START Dataset records

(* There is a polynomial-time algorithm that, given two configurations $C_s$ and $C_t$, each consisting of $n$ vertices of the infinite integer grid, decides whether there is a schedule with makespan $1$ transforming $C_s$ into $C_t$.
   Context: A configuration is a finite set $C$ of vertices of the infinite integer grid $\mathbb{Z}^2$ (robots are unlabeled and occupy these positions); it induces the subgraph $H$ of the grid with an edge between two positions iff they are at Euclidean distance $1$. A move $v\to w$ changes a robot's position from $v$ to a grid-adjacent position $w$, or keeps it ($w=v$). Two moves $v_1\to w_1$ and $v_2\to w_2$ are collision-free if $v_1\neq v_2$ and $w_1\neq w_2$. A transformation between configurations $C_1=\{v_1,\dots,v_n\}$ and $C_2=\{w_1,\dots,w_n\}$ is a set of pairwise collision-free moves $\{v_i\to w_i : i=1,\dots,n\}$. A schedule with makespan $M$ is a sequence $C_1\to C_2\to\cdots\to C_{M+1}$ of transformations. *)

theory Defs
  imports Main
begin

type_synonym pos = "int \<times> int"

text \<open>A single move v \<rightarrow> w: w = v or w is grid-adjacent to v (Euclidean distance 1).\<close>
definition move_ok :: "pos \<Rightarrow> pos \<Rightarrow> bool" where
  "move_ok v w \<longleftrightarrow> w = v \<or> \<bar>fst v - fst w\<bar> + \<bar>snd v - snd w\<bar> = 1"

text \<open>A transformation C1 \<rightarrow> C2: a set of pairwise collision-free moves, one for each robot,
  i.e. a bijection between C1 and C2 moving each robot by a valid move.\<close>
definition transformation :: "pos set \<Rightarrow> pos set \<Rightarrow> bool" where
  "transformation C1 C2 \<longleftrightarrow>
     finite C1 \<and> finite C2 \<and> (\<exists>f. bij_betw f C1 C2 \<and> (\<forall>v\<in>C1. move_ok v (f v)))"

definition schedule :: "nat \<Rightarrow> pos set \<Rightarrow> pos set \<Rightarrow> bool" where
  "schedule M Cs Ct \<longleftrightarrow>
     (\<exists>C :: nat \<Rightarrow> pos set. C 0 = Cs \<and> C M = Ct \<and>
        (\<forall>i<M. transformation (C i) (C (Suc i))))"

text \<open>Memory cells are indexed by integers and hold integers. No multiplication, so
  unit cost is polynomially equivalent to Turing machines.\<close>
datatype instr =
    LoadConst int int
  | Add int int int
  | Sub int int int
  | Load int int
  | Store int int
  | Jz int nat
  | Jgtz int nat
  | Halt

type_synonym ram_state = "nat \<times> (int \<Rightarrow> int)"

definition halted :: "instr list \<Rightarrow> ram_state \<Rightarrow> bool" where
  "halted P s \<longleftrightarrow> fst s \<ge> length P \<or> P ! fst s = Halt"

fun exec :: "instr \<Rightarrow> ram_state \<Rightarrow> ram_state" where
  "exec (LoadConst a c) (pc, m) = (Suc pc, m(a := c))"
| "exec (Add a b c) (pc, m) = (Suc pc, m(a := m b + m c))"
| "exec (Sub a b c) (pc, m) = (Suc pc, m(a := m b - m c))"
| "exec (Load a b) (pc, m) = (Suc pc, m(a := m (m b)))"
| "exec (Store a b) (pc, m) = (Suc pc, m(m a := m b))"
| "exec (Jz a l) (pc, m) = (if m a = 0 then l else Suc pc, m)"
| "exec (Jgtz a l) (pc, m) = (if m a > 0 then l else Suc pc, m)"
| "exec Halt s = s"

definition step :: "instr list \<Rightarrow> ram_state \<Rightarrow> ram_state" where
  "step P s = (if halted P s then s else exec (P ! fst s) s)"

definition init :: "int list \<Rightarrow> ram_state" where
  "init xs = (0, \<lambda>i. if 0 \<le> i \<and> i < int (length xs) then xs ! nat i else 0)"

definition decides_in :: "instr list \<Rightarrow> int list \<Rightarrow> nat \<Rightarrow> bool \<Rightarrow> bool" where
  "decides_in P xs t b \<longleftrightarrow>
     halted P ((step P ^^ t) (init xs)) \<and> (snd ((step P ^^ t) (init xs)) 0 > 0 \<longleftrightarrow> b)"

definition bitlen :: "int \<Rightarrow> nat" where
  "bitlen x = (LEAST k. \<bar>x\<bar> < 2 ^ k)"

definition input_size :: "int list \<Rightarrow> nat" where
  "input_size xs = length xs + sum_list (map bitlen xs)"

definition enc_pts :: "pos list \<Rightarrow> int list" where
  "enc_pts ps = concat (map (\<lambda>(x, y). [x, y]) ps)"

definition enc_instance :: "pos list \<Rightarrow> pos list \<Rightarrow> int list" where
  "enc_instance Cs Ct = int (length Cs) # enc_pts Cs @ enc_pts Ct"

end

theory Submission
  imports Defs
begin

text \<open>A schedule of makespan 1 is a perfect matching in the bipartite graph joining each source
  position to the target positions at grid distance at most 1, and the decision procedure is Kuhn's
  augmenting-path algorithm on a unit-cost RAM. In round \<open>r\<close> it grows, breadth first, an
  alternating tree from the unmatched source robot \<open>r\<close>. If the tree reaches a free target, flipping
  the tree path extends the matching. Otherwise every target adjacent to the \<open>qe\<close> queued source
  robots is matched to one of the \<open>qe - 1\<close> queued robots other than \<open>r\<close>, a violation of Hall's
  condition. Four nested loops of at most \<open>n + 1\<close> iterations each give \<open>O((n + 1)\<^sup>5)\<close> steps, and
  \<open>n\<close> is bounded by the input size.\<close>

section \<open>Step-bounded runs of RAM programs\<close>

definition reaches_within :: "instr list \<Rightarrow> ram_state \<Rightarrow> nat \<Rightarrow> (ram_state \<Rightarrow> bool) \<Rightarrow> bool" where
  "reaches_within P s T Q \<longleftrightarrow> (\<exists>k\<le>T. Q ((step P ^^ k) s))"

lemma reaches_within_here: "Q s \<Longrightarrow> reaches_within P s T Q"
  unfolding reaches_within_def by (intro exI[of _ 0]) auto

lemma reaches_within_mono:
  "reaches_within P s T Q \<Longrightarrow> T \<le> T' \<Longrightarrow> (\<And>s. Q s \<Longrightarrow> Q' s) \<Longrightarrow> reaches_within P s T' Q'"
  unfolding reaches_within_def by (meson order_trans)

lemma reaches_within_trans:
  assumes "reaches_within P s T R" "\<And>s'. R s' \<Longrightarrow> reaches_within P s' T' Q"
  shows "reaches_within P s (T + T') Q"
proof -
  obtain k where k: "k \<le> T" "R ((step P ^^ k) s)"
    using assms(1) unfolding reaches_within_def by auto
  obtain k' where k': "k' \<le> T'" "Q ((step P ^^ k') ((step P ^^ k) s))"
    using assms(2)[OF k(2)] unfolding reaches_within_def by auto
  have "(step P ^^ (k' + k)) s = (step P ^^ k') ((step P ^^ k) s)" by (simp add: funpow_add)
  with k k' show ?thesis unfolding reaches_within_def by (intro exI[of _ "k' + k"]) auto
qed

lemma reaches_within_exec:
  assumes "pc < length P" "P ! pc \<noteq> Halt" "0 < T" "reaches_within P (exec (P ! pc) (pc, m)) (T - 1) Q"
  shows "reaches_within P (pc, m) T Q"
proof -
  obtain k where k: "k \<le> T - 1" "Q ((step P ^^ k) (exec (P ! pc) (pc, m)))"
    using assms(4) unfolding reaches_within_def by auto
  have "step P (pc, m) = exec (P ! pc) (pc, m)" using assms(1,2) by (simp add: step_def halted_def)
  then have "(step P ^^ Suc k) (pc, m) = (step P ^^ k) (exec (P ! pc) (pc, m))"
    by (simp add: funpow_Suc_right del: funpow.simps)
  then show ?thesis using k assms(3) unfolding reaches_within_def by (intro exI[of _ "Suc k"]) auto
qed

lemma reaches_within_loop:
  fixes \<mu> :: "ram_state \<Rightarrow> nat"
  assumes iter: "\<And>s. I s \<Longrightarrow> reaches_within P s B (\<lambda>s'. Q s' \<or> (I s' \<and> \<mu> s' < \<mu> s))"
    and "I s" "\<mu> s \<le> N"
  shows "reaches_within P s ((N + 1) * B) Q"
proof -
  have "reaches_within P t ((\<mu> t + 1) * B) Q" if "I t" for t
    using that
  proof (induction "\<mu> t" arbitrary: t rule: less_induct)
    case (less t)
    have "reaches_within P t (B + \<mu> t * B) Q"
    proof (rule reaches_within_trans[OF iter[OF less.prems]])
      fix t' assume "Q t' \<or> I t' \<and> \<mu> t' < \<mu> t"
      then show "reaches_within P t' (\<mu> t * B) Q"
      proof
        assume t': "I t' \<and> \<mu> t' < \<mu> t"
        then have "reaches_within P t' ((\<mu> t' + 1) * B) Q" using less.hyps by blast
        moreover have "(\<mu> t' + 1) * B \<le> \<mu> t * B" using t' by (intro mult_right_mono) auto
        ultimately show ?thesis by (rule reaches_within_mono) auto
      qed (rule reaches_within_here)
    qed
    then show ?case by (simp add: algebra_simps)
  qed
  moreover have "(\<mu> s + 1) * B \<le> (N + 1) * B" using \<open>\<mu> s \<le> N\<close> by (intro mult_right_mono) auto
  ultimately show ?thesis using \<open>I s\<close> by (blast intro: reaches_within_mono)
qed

END Dataset records

What is needed | Go through the entries above and pull out each line with "shows" in it.

Exercise solution |
  shows "reaches_within P s (T + T') Q"
  shows "reaches_within P (pc, m) T Q"
  shows "reaches_within P s ((N + 1) * B) Q"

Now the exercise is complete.